PALERMO – La tesi degli “scafisti per necessità”, che fece breccia nei giudici di primo grado, deve avere convinto anche la Corte di appello. Confermata l’assoluzione di 14 imputati.
A sostenerla sono stati i legali delle difese, gli avvocati Matteo La Barbera, Alessandro Martortana, Sergio Lapis, Daniele Giambruno, Loredana Culò, Bianca Savona, Emilia Lombardo, Consiglia Cioffa, Daniele Lo Piparo.
Gli imputati non erano in affari con i trafficanti di uomini. Si sarebbero messi alla guida delle imbarcazioni per scappare dall’inferno dei lager dove erano rinchiusi in Libia. Se davvero fossero stati componenti di bande criminali che lucrano sulla pelle dei disperati non sarebbero stati minacciati con delle pistole, obbligati a salire su un gommone senza benzina e senza salvagente, con il rischio di andare incontro alla morte.

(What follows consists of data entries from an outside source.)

lemma subdiff_monotone:
  assumes "proper_fun h" "s \<in> subdiff h x" "s' \<in> subdiff h x'"
  shows "inner (s - s') (x - x') \<ge> 0"
proof -
  obtain c c' where "h x = ereal c" "h x' = ereal c'"
    using proper_subdiff_finite assms by metis
  thus ?thesis
    using subgradient_ineq[OF assms(2)] subgradient_ineq[OF assms(3)]
    by (force simp: inner_diff_left inner_diff_right algebra_simps)
qed

lemma zero_in_shifted_image_iff: "0 \<in> (\<lambda>s. s - c) ` X \<longleftrightarrow> c \<in> X" for c :: "'a::ab_group_add"
  by (auto simp: image_iff)

lemma ereal_diff_add_eq: "(e - ereal a) + ereal c = e + ereal (c - a)"
  by (cases e) auto

lemma convex_fun_avg_le:
  assumes cvx: "convex_fun h" and "k \<ge> 1" and fin: "\<And>i. 1 \<le> i \<Longrightarrow> i \<le> k \<Longrightarrow> h (z i) = ereal (c i)"
  shows "h (avg k z) \<le> ereal ((1 / real k) * (\<Sum>i = 1..k. c i))"
  using \<open>k \<ge> 1\<close> fin
proof (induction k rule: nat_induct_at_least)
  case base thus ?case by (simp add: avg_def)
next
  case (Suc k)
  define t where "t = 1 / real (Suc k)"
  have t: "0 < t" "t < 1" using Suc.hyps unfolding t_def by (auto simp: divide_less_eq)
  have "h (avg (Suc k) z) = h ((1 - t) *\<^sub>R avg k z + t *\<^sub>R z (Suc k))"
    by (subst avg_Suc[OF Suc.hyps]) (simp add: t_def)
  also have "\<dots> \<le> ereal (1 - t) * h (avg k z) + ereal t * h (z (Suc k))"
    using cvx t unfolding convex_fun_def by blast
  also have "\<dots> \<le> ereal (1 - t) * ereal ((1 / real k) * (\<Sum>i = 1..k. c i)) + ereal t * ereal (c (Suc k))"
    using Suc.IH Suc.prems t by (intro add_mono ereal_mult_left_mono) auto
  also have "\<dots> = ereal ((1 / real (Suc k)) * (\<Sum>i = 1..Suc k. c i))"
  proof -
    have "(1 - t) * (1 / real k) = 1 / real (Suc k)" using Suc.hyps by (simp add: t_def field_simps)
    hence "(1 - t) * ((1 / real k) * (\<Sum>i = 1..k. c i)) = (1 / real (Suc k)) * (\<Sum>i = 1..k. c i)"
      by (metis mult.assoc)
    thus ?thesis by (simp add: t_def distrib_left)
  qed
  finally show ?case .
qed

text \<open>The transportation formula: averaging subgradients taken at different points yields an
  \<open>\<epsilon>\<close>-subgradient at the averaged point, with \<open>\<epsilon>\<close> the mean linearisation gap.\<close>

lemma avg_subgradients_eps_subdiff:
  fixes h :: "'a::real_inner \<Rightarrow> ereal"
  assumes proper: "proper_fun h" and cvx: "convex_fun h" and k: "k \<ge> 1"
    and sub: "\<And>i. 1 \<le> i \<Longrightarrow> i \<le> k \<Longrightarrow> s i \<in> subdiff h (z i)"
  defines "\<epsilon> \<equiv> (1 / real k) * (\<Sum>i = 1..k. inner (s i) (z i - avg k z))"
  shows "\<epsilon> \<ge> 0" and "avg k s \<in> eps_subdiff h \<epsilon> (avg k z)"
proof -
  define c where "c i = real_of_ereal (h (z i))" for i
  have hc: "h (z i) = ereal (c i)" if "1 \<le> i" "i \<le> k" for i
    using proper_subdiff_finite[OF proper sub[OF that]] c_def by (metis real_of_ereal.simps(1))
  define C where "C = (1 / real k) * (\<Sum>i = 1..k. c i)"
  have key: "d \<ge> C + inner (avg k s) (w - avg k z) - \<epsilon>" if hw: "h w = ereal d" for w d
  proof -
    have "(\<Sum>i = 1..k. c i + inner (s i) (w - z i)) \<le> (\<Sum>i = 1..k. d)"
      using subgradient_ineq[OF sub hc hw] by (intro sum_mono) auto
    moreover have "(\<Sum>i = 1..k. c i + inner (s i) (w - z i))
        = (\<Sum>i = 1..k. c i) + (\<Sum>i = 1..k. inner (s i) (w - avg k z)) - (\<Sum>i = 1..k. inner (s i) (z i - avg k z))"
      by (simp add: sum.distrib sum_subtractf inner_diff_right)
    moreover have "(\<Sum>i = 1..k. inner (s i) (w - avg k z)) = real k * inner (avg k s) (w - avg k z)"
      using k unfolding avg_def by (simp add: inner_sum_left)
    moreover have "(\<Sum>i = 1..k. inner (s i) (z i - avg k z)) = real k * \<epsilon>"
      using k unfolding \<epsilon>_def by simp
    ultimately have "real k * (C + inner (avg k s) (w - avg k z) - \<epsilon>) \<le> real k * d"
      using k unfolding C_def by (simp add: algebra_simps)
    thus ?thesis using k by simp
  qed
  have Jensen: "h (avg k z) \<le> ereal C"
    unfolding C_def by (rule convex_fun_avg_le[OF cvx k hc])
  moreover have "h (avg k z) \<noteq> -\<infinity>" using proper unfolding proper_fun_def by auto
  ultimately obtain e where e: "h (avg k z) = ereal e" and "e \<le> C"
    by (cases "h (avg k z)") auto
  thus "\<epsilon> \<ge> 0" using key[OF e] by simp
  show "avg k s \<in> eps_subdiff h \<epsilon> (avg k z)"
    unfolding eps_subdiff_def
  proof (intro CollectI allI)
    fix w
    show "h w \<ge> h (avg k z) + ereal (inner (avg k s) (w - avg k z) - \<epsilon>)"
    proof (cases "h w")
      case (real d)
      thus ?thesis using key[OF real] e \<open>e \<le> C\<close> by simp
    qed (use e proper in \<open>auto simp: proper_fun_def\<close>)
  qed
qed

Hanno assistito alla lettura del verdetto in libertà, molti erano stati scarcerati dopo la sentenza di primo grado, Ebrina Fofana (Gambia), Fall Ibrahima (Senegal), Mamadi Jarju (Gambia), Mahamadou Bade (Senegal), Emanuele Nikwie (Ghana), Kofi Bilson (Ghana), Fall Mouhamed (Senegal), Sarr Mustefa (Gambia), Alex Janga (Guinea Bissau), Jobe Jegan (Gambia), Akim Karam Mohamed (Sierra Leone), Bah Draman (Senegal), Tune Ngala (Senegal).

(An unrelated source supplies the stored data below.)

lemma real_normal_rv_upper_tail_le:
  assumes M: "prob_space M" and X: "real_normal_rv M X \<mu> (\<sigma>\<^sup>2)" and \<sigma>: "0 \<le> \<sigma>" and L: "0 \<le> L"
  shows "measure M {\<omega> \<in> space M. \<mu> + \<sigma> * L < X \<omega>} \<le> exp (- L\<^sup>2 / 2)"
proof -
  interpret prob_space M by (fact M)
  have set_eq: "{\<omega> \<in> space M. \<mu> + \<sigma> * L < X \<omega>} = X -` {\<mu> + \<sigma> * L<..} \<inter> space M"
    by auto
  show ?thesis
  proof (cases "\<sigma> = 0")
    case True
    with X have "AE \<omega> in M. X \<omega> = \<mu>" by (simp add: real_normal_rv_def)
    with True have "measure M {\<omega> \<in> space M. \<mu> + \<sigma> * L < X \<omega>} = 0"
      using X unfolding set_eq real_normal_rv_def
      by (subst prob_eq_0) (auto intro: measurable_sets)
    then show ?thesis by simp
  next
    case False
    with \<sigma> X have "distributed M lborel X (normal_density \<mu> \<sigma>)"
      by (simp add: real_normal_rv_def)
    then have "emeasure M {\<omega> \<in> space M. \<mu> + \<sigma> * L < X \<omega>}
        = (\<integral>\<^sup>+x. ennreal (normal_density \<mu> \<sigma> x) * indicator {\<mu> + \<sigma> * L<..} x \<partial>lborel)"
      unfolding set_eq by (rule distributed_emeasure) simp
    also have "\<dots> \<le> exp (- L\<^sup>2 / 2)"
      using False \<sigma> L by (intro nn_integral_normal_upper_tail_le) auto
    finally show ?thesis by (simp add: emeasure_eq_measure)
  qed
qed

lemma real_normal_rv_upper_tail_ge:
  assumes M: "prob_space M" and X: "real_normal_rv M X \<mu> (\<sigma>\<^sup>2)" and \<sigma>: "0 \<le> \<sigma>"
  shows "exp (-2) / sqrt (2 * pi) \<le> measure M {\<omega> \<in> space M. \<mu> + \<sigma> \<le> X \<omega>}"
proof -
  interpret prob_space M by (fact M)
  have set_eq: "{\<omega> \<in> space M. \<mu> + \<sigma> \<le> X \<omega>} = X -` {\<mu> + \<sigma>..} \<inter> space M"
    by auto
  show ?thesis
  proof (cases "\<sigma> = 0")
    case True
    with X have "AE \<omega> in M. X \<omega> = \<mu>" by (simp add: real_normal_rv_def)
    with True have "measure M {\<omega> \<in> space M. \<mu> + \<sigma> \<le> X \<omega>} = 1"
      using X unfolding set_eq real_normal_rv_def
      by (subst prob_eq_1) (auto intro: measurable_sets)
    moreover have "exp (-2) / sqrt (2 * pi) \<le> (1 :: real)"
      using pi_gt3 by (simp add: divide_le_eq order_trans[OF _ real_sqrt_ge_one])
    ultimately show ?thesis by simp
  next
    case False
    with \<sigma> X have D: "distributed M lborel X (normal_density \<mu> \<sigma>)"
      by (simp add: real_normal_rv_def)
    have "ennreal (exp (-2) / sqrt (2 * pi))
        \<le> (\<integral>\<^sup>+x. ennreal (normal_density \<mu> \<sigma> x) * indicator {\<mu> + \<sigma>..} x \<partial>lborel)"
      using False \<sigma> by (intro nn_integral_normal_upper_tail_ge) auto
    also have "\<dots> = emeasure M {\<omega> \<in> space M. \<mu> + \<sigma> \<le> X \<omega>}"
      unfolding set_eq by (rule distributed_emeasure[OF D, symmetric]) simp
    finally show ?thesis
      by (simp add: emeasure_eq_measure)
  qed
qed

lemma gaussian_process_marginal:
  assumes "gaussian_process M F Q m C" "finite Q" "x \<in> Q"
  shows "real_normal_rv M (\<lambda>\<omega>. F \<omega> x) (m x) (C x x)"
proof -
  have "\<forall>c. real_normal_rv M (\<lambda>\<omega>. \<Sum>y\<in>Q. c y * F \<omega> y) (\<Sum>y\<in>Q. c y * m y)
      (\<Sum>y\<in>Q. \<Sum>z\<in>Q. c y * c z * C y z)"
    using assms(1) by (simp add: gaussian_process_def)
  from this[THEN spec, of "\<lambda>y. of_bool (y = x)"] assms(2,3) show ?thesis
    by (simp add: mult.assoc flip: sum_distrib_left)
qed

lemma inverse_4_exp_sqrt_pi_le:
  "1 / (4 * exp 1 * sqrt pi) \<le> exp (-2) / sqrt (2 * pi)"
proof -
  have "exp 1 * exp 1 \<le> (2.72 :: real) * 2.72"
    using e_less_272 by (intro mult_mono) auto
  then have "(exp 1 * sqrt 2)\<^sup>2 \<le> (4 :: real)\<^sup>2"
    by (simp add: power_mult_distrib power2_eq_square[of "exp 1"])
  then have "exp 1 * sqrt 2 \<le> 4"
    by (rule power2_le_imp_le) simp
  then have "1 / (4 * exp 1 * sqrt pi) \<le> 1 / (exp 1 * (exp 1 * sqrt 2) * sqrt pi)"
    by (intro divide_left_mono mult_right_mono) (auto simp: mult.commute)
  also have "\<dots> = exp (-2) / sqrt (2 * pi)"
    by (simp add: exp_minus inverse_eq_divide real_sqrt_mult flip: exp_add)
  finally show ?thesis .
qed

lemma prob_argmax_not_saturated:
  fixes F :: "'w \<Rightarrow> 'a \<Rightarrow> real" and X :: "'w \<Rightarrow> 'a"
  assumes M: "prob_space M" and Q: "finite Q" and x0: "x0 \<in> Q"
    and X_meas: "X \<in> measurable M (count_space UNIV)"
    and X_argmax: "\<forall>\<omega>\<in>space M. X \<omega> \<in> Q \<and> (\<forall>x\<in>Q. F \<omega> x \<le> F \<omega> (X \<omega>))"
    and conf: "\<And>x. x \<in> Q \<Longrightarrow> \<bar>\<mu> x - g x\<bar> \<le> s x"
    and normal: "\<And>x. x \<in> Q \<Longrightarrow> real_normal_rv M (\<lambda>\<omega>. F \<omega> x) (\<mu> x) ((s x)\<^sup>2)"
    and L: "0 \<le> L"
  shows "exp (-2) / sqrt (2 * pi) - card Q * exp (- L\<^sup>2 / 2)
    \<le> measure M {\<omega> \<in> space M. X \<omega> \<in> Q - {x \<in> Q. s x * (1 + L) < g x0 - g x}}"
    (is "_ \<le> measure M ?T")
proof -
  interpret prob_space M by (fact M)
  define A where "A = {\<omega> \<in> space M. \<mu> x0 + s x0 \<le> F \<omega> x0}"
  define B where "B x = {\<omega> \<in> space M. \<mu> x + s x * L < F \<omega> x}" for x
  have s_nonneg: "0 \<le> s x" if "x \<in> Q" for x
    using conf[OF that] by linarith
  have F_meas: "(\<lambda>\<omega>. F \<omega> x) \<in> borel_measurable M" if "x \<in> Q" for x
    using normal[OF that] by (simp add: real_normal_rv_def)
  have T_sets: "?T \<in> events"
    by (rule measurable_sets_Collect[OF X_meas]) simp
  have A_sets: "A \<in> events"
    unfolding A_def by (rule measurable_sets_Collect[OF F_meas[OF x0]]) simp
  have B_sets: "B x \<in> events" if "x \<in> Q" for x
    unfolding B_def by (rule measurable_sets_Collect[OF F_meas[OF that]]) simp
  have "A - (\<Union>x\<in>Q. B x) \<subseteq> ?T"
  proof
    fix \<omega> assume \<omega>: "\<omega> \<in> A - (\<Union>x\<in>Q. B x)"
    then have "\<omega> \<in> space M" by (simp add: A_def)
    with X_argmax x0 have XQ: "X \<omega> \<in> Q" and "F \<omega> x0 \<le> F \<omega> (X \<omega>)" by auto
    moreover have "\<mu> x0 + s x0 \<le> F \<omega> x0" "F \<omega> (X \<omega>) \<le> \<mu> (X \<omega>) + s (X \<omega>) * L"
      using \<omega> XQ by (auto simp: A_def B_def)
    moreover have "g x0 \<le> \<mu> x0 + s x0" "\<mu> (X \<omega>) \<le> g (X \<omega>) + s (X \<omega>)"
      using conf[OF x0] conf[OF XQ] by linarith+
    ultimately show "\<omega> \<in> ?T"
      using \<open>\<omega> \<in> space M\<close> by (auto simp: algebra_simps)
  qed
  then have "prob A - prob (\<Union>x\<in>Q. B x) \<le> prob ?T"
    using A_sets B_sets Q T_sets
    by (intro order_trans[OF measure_diff_le_measure_setdiff] finite_measure_mono)
      (auto simp: fmeasurable_eq_sets)
  moreover have "exp (-2) / sqrt (2 * pi) \<le> prob A"
    unfolding A_def by (rule real_normal_rv_upper_tail_ge[OF M normal[OF x0] s_nonneg[OF x0]])
  moreover have "prob (\<Union>x\<in>Q. B x) \<le> (\<Sum>x\<in>Q. prob (B x))"
    using Q B_sets by (rule measure_UNION_le)
  moreover have "(\<Sum>x\<in>Q. prob (B x)) \<le> (\<Sum>x\<in>Q. exp (- L\<^sup>2 / 2))"
    unfolding B_def using real_normal_rv_upper_tail_le[OF M normal s_nonneg L]
    by (intro sum_mono) auto
  ultimately show ?thesis by simp
qed

theorem lemma4:
  fixes Q :: "(real ^ 'n) set"
    and k :: "real ^ 'n \<Rightarrow> real ^ 'n \<Rightarrow> real"
    and f :: "real ^ 'n \<Rightarrow> real"
    and xstar :: "real ^ 'n"
    and Bf R By lam \<delta> :: real
    and D :: "nat pmf"
    and m t :: nat
    and xs :: "(real ^ 'n) list" and ys :: "real list" and ds :: "nat list"
    and M :: "'w measure"
    and F :: "'w \<Rightarrow> real ^ 'n \<Rightarrow> real"
    and X :: "'w \<Rightarrow> real ^ 'n"
  assumes Q: "finite Q"
    and k_psd: "psd_kernel Q k"
    and k_le1: "\<forall>x\<in>Q. \<forall>y\<in>Q. k x y \<le> 1"
    and f_rkhs: "rkhs_norm_le Q k f Bf"
    and xstar: "xstar \<in> Q" "\<forall>x\<in>Q. f x \<le> f xstar"
    and R: "R \<ge> 0" and By: "By \<ge> 0"
    and lam: "lam > 0" and \<delta>: "0 < \<delta>" "\<delta> < 1"
    and m: "m \<ge> 1" and t: "t \<ge> 1"
    and hist: "length xs = t - 1" "length ys = t - 1" "length ds = t - 1" "set xs \<subseteq> Q"
    and ys_bd: "\<forall>y\<in>set ys. \<bar>y\<bar> \<le> By"
    and Ef: "\<forall>x\<in>Q.
      \<bar>post_mean k lam xs (censored_obs m t ys ds) x - measure_pmf.prob D {..m} * f x\<bar>
        \<le> nu_t Q k lam Bf R By \<delta> m t xs * post_sd k lam xs x"
    and GP: "gaussian_process M F Q (post_mean k lam xs (censored_obs m t ys ds))
      (\<lambda>x x'. (nu_t Q k lam Bf R By \<delta> m t xs)\<^sup>2 * post_cov k lam xs x x')"
    and X_meas: "X \<in> measurable M (count_space UNIV)"
    and X_argmax: "\<forall>\<omega>\<in>space M. X \<omega> \<in> Q \<and> (\<forall>x\<in>Q. F \<omega> x \<le> F \<omega> (X \<omega>))"
  shows "measure M {\<omega> \<in> space M. X \<omega> \<in> Q -
           {x \<in> Q. measure_pmf.prob D {..m} * (f xstar - f x)
                     > c_t Q (nu_t Q k lam Bf R By \<delta> m t xs) t * post_sd k lam xs x}}
         \<ge> 1 / (4 * exp 1 * sqrt pi) - 1 / (real t)\<^sup>2"
proof -
  define \<rho> where "\<rho> = measure_pmf.prob D {..m}"
  define \<nu> where "\<nu> = nu_t Q k lam Bf R By \<delta> m t xs"
  define \<mu> where "\<mu> = post_mean k lam xs (censored_obs m t ys ds)"
  define s where "s x = \<nu> * post_sd k lam xs x" for x
  define L where "L = sqrt (2 * ln (real (card Q) * (real t)\<^sup>2))"
  have M: "prob_space M"
    using GP by (simp add: gaussian_process_def)
  have conf: "\<bar>\<mu> x - \<rho> * f x\<bar> \<le> s x" if "x \<in> Q" for x
    using Ef that by (simp add: \<mu>_def \<rho>_def \<nu>_def s_def)
  have normal: "real_normal_rv M (\<lambda>\<omega>. F \<omega> x) (\<mu> x) ((s x)\<^sup>2)" if "x \<in> Q" for x
  proof -
    \<comment> \<open>post_cov is not known to be nonnegative here, and sqrt is odd on negative reals\<close>
    have "(s x)\<^sup>2 = \<bar>\<nu>\<^sup>2 * post_cov k lam xs x x\<bar>"
      by (simp add: s_def post_sd_def power_mult_distrib abs_mult power2_eq_square[of "sqrt _"])
    then show ?thesis
      using real_normal_rv_abs_variance[OF gaussian_process_marginal[OF GP Q that]]
      by (simp add: \<mu>_def \<nu>_def)
  qed
  have card_Q: "0 < card Q"
    using Q xstar(1) card_gt_0_iff by blast
  with t have "1 \<le> card Q * t\<^sup>2"
    by (simp add: Suc_le_eq)
  then have "1 \<le> real (card Q) * (real t)\<^sup>2"
    by (metis of_nat_1 of_nat_le_iff of_nat_mult of_nat_power)
  then have L: "0 \<le> L" and "card Q * exp (- L\<^sup>2 / 2) = 1 / (real t)\<^sup>2"
    using card_Q t by (simp_all add: L_def exp_minus field_simps)
  moreover have "{x \<in> Q. \<rho> * (f xstar - f x) > c_t Q \<nu> t * post_sd k lam xs x}
      = {x \<in> Q. s x * (1 + L) < \<rho> * f xstar - \<rho> * f x}"
    by (auto simp: c_t_def s_def L_def algebra_simps)
  ultimately show ?thesis
    using prob_argmax_not_saturated[where g = "\<lambda>x. \<rho> * f x", OF M Q xstar(1) X_meas X_argmax conf normal L]
      inverse_4_exp_sqrt_pi_le
    by (simp add: \<rho>_def \<nu>_def)
qed

end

Arrivarono in Sicilia il 25 maggio 2016. Ci fu un’ondata di sbarchi quella notte. Un migliaio le persone salvate e trasferite a Palermo per essere identificate. I migranti stipati sulle carrette del mare riconobbero coloro che guidavano le imbarcazioni.
I difensori hanno invocato la scriminante dello stato di necessità. O guidavano fino alla terraferma oppure sarebbero morti.